Repository: /data/brain
Total pages: 15,243

Storage Tiers:
-------------
DB tracked:     2,156 pages
DB only:        12,887 pages
Unspecified:    200 pages

Disk Usage:
-----------
DB tracked:     45.2 MB
DB only:        2.1 GB

Missing Files (need restore):
-----------------------------
  media/x/tweet-1234567890
  media/x/tweet-0987654321
  ... and 47 more

Use: gbrain export --restore-only --repo "/data/brain"

Configuration:
--------------
DB tracked directories:
  - people/
  - companies/
  - deals/

DB-only directories:
  - media/x/
  - media/articles/
  - meetings/transcripts/

Validation

loadStorageConfig runs normalizeAndValidateStorageConfig after parsing:

  • Auto-fixes (silent, with one-time info note showing what changed):
    • Missing trailing / is added: 'media/x''media/x/'.
  • Throws StorageConfigError (caller sees a clean exit-1 with actionable message):
    • Same directory in both db_tracked and db_only (ambiguous routing).

Use cases

Brain repository scaling

Perfect for brain repositories crossing 50K-200K+ files where:

  • Core knowledge (people, companies, deals) remains git-tracked.
  • Bulk data (tweets, articles, transcripts) moves to db_only.
  • Development stays fast with smaller git repos.
  • Full data remains available via the database.

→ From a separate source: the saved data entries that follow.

(* Let $(\gamma_n)$ be a sequence of positive reals satisfying conditions (C1)–(C7) below, and let $f\in\mathcal{L}$. Then the sequence $\beta_n^f(t)$ converges to a constant function $L$, and the sequence \[ \nu_n^f(t)=\frac{\sum_{k=0}^n |K^k[f(t)]|^2}{\sum_{k=0}^n \frac{1}{\gamma_k}} \] converges to the constant function $L/2$, uniformly on every compact interval.
   Context: Given positive reals $\gamma_n$, set $\gamma_{-1}=1$, $p_{-1}=0$, $p_0=1$ and $\gamma_n p_{n+1}(\omega)=\omega p_n(\omega)-\gamma_{n-1}p_{n-1}(\omega)$ ($n\ge0$). Let $\Delta_n=\gamma_{n+1}-\gamma_n$, $\Delta^2_n=\Delta_{n+1}-\Delta_n$. Conditions: (C1) $\gamma_n\to\infty$; (C2) $\Delta_n\to0$; (C3) there exist $n_0,m_0$ with $\gamma_{n+m}>\gamma_n$ for all $n\ge n_0$, $m\ge m_0$; (C4) $\sum 1/\gamma_j=\infty$; (C5) some $\kappa>1$ has $\sum\gamma_j^{-\kappa}<\infty$; (C6) $\sum|\Delta_n|/\gamma_n^2<\infty$; (C7) $\sum|\Delta^2_n|/\gamma_n<\infty$. $C^\infty_{\mathbb{R}\to\mathbb{C}}$ is the set of functions $\mathbb{R}\to\mathbb{C}$ with infinitely differentiable real and imaginary parts. $K^n_t=(-i)^n p_n\!\left(i\frac{d}{dt}\right)$ (index $t$ may be omitted). $\beta_n^f(t)=\gamma_n(|K^n[f(t)]|^2+|K^{n+1}[f(t)]|^2)$, and $\mathcal{L}$ is the set of $f\in C^\infty_{\mathbb{R}\to\mathbb{C}}$ for which $\beta_n^f(t)$ converges uniformly on every compact interval. *)

theory Defs
  imports "HOL-Analysis.Analysis" "HOL-Computational_Algebra.Polynomial"
begin

text \<open>Orthonormal polynomials p_n given by the three-term recurrence
  gamma_n p_(n+1) = w p_n - gamma_(n-1) p_(n-1), with p_(-1) = 0, p_0 = 1, gamma_(-1) = 1.\<close>
fun opoly :: "(nat \<Rightarrow> real) \<Rightarrow> nat \<Rightarrow> real poly" where
  "opoly \<gamma> 0 = 1"
| "opoly \<gamma> (Suc 0) = smult (1 / \<gamma> 0) [:0, 1:]"
| "opoly \<gamma> (Suc (Suc n)) =
     smult (1 / \<gamma> (Suc n)) ([:0, 1:] * opoly \<gamma> (Suc n) - smult (\<gamma> n) (opoly \<gamma> n))"

definition cderiv :: "nat \<Rightarrow> (real \<Rightarrow> complex) \<Rightarrow> real \<Rightarrow> complex" where
  "cderiv k f t = complex_of_real (((deriv ^^ k) (\<lambda>s. Re (f s))) t)
                 + \<i> * complex_of_real (((deriv ^^ k) (\<lambda>s. Im (f s))) t)"

definition smooth_RC :: "(real \<Rightarrow> complex) \<Rightarrow> bool" where
  "smooth_RC f \<longleftrightarrow> (\<forall>k x. ((deriv ^^ k) (\<lambda>s. Re (f s))) differentiable (at x)
                        \<and> ((deriv ^^ k) (\<lambda>s. Im (f s))) differentiable (at x))"

text \<open>K^n = (-i)^n p_n(i d/dt).\<close>
definition Kop :: "(nat \<Rightarrow> real) \<Rightarrow> nat \<Rightarrow> (real \<Rightarrow> complex) \<Rightarrow> real \<Rightarrow> complex" where
  "Kop \<gamma> n f t = (- \<i>) ^ n *
     (\<Sum>k\<le>degree (opoly \<gamma> n). complex_of_real (coeff (opoly \<gamma> n) k) * \<i> ^ k * cderiv k f t)"

definition beta :: "(nat \<Rightarrow> real) \<Rightarrow> nat \<Rightarrow> (real \<Rightarrow> complex) \<Rightarrow> real \<Rightarrow> real" where
  "beta \<gamma> n f t = \<gamma> n * ((cmod (Kop \<gamma> n f t))\<^sup>2 + (cmod (Kop \<gamma> (Suc n) f t))\<^sup>2)"

definition nu :: "(nat \<Rightarrow> real) \<Rightarrow> nat \<Rightarrow> (real \<Rightarrow> complex) \<Rightarrow> real \<Rightarrow> real" where
  "nu \<gamma> n f t = (\<Sum>k\<le>n. (cmod (Kop \<gamma> k f t))\<^sup>2) / (\<Sum>k\<le>n. 1 / \<gamma> k)"

definition classL :: "(nat \<Rightarrow> real) \<Rightarrow> (real \<Rightarrow> complex) set" where
  "classL \<gamma> = {f. smooth_RC f \<and>
      (\<forall>a b. uniformly_convergent_on {a..b} (\<lambda>n t. beta \<gamma> n f t))}"

end

theory Submission
  imports Defs
begin

text \<open>The three-term recurrence makes d/dt K^n = \<gamma>_n K^(n+1) - \<gamma>_(n-1) K^(n-1), so the
  derivative of T_N(t) = \<Sum>_(n\<le>N) |K^n(t)|^2 telescopes to 2 \<gamma>_N Re(K^N conj K^(N+1)),
  which is bounded by \<beta>_N. Moreover \<Sum>_(n\<le>N) \<beta>_n / \<gamma>_n = 2 T_N + |K^(N+1)|^2 - |K^0|^2.
  Hence, by the mean value theorem, the partial sums \<Sum>_(n\<le>N) (\<beta>_n(t) - \<beta>_n(s)) / \<gamma>_n stay
  bounded, while the total weight \<Sum>_(n\<le>N) 1 / \<gamma>_n diverges (C4); comparing with the
  weighted Cesaro mean shows that the pointwise limit of \<beta>_n does not depend on t. By the
  same identity, \<nu>_N is half the weighted Cesaro mean of \<beta>_n up to an error
  O(1) / \<Sum>_(n\<le>N) 1 / \<gamma>_n, so it converges uniformly to half that constant.
  Only positivity, (C1) and (C4) are needed: the other conditions serve to show that \<beta>_n
  converges at all, which membership in classL already assumes.\<close>

definition poly_iD :: "nat \<Rightarrow> (real \<Rightarrow> complex) \<Rightarrow> real poly \<Rightarrow> real \<Rightarrow> complex" where
  "poly_iD j f P t = (\<Sum>k\<le>degree P. complex_of_real (coeff P k) * \<i> ^ k * cderiv (k + j) f t)"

Container-based deployments

Essential for ephemeral container environments:

  • Git repo contains only essential files.
  • Container restarts don't lose db_only data.
  • gbrain export --restore-only quickly restores bulk files when needed.
  • Local disk acts as a cache layer.

Multi-environment consistency

Enables consistent data access across environments:

  • Development: small git clone, restore bulk data on demand.
  • Production: full dataset via the database, selective local caching.
  • CI/CD: fast tests with git-tracked data only.

Migration strategy

  1. Assess current repository: use gbrain storage status to understand current distribution.
  2. Plan directory structure: identify which directories should be db_tracked vs db_only.
  3. Create gbrain.yml: add storage configuration to the repository root.
  4. Test with dry-run: gbrain sync --dry-run to verify behavior; .gitignore is NOT touched on dry-run.
  5. Run a real sync: gbrain sync updates .gitignore automatically on success.
  6. Verify restore: test gbrain export --restore-only --repo . against a small db_only directory.

Best practices

  • Directory naming: end storage paths with / (canonical form). The validator normalizes if you forget.
  • Start small: begin with clearly machine-generated directories in db_only.
  • Address validation errors: tier overlap is an error, not a warning. Fix it before sync.
  • Test restore: regularly test --restore-only in staging environments.
  • Document decisions: comment your gbrain.yml to explain tier choices.

PGLite engine note

On the PGLite engine (gbrain's local-only embedded Postgres), the "DB" your db_only pages live in IS the local file gbrain uses for everything else. The .gitignore housekeeping still helps (keeps bulk content out of git history), but the offload-to-DB promise is technically vacuous. A once-per-process soft-warn explains when the engine is detected. To get full tiering, migrate to Postgres with gbrain migrate --to supabase.

Compatibility

  • Backward compatible: systems without gbrain.yml work unchanged.
  • Progressive enhancement: add configuration when needed.
  • Database unchanged: all data remains in Postgres regardless of tier.
  • Existing workflows: all existing sync and export behavior preserved.
  • Deprecated keys: git_tracked / supabase_only still load with a once-per-process warning.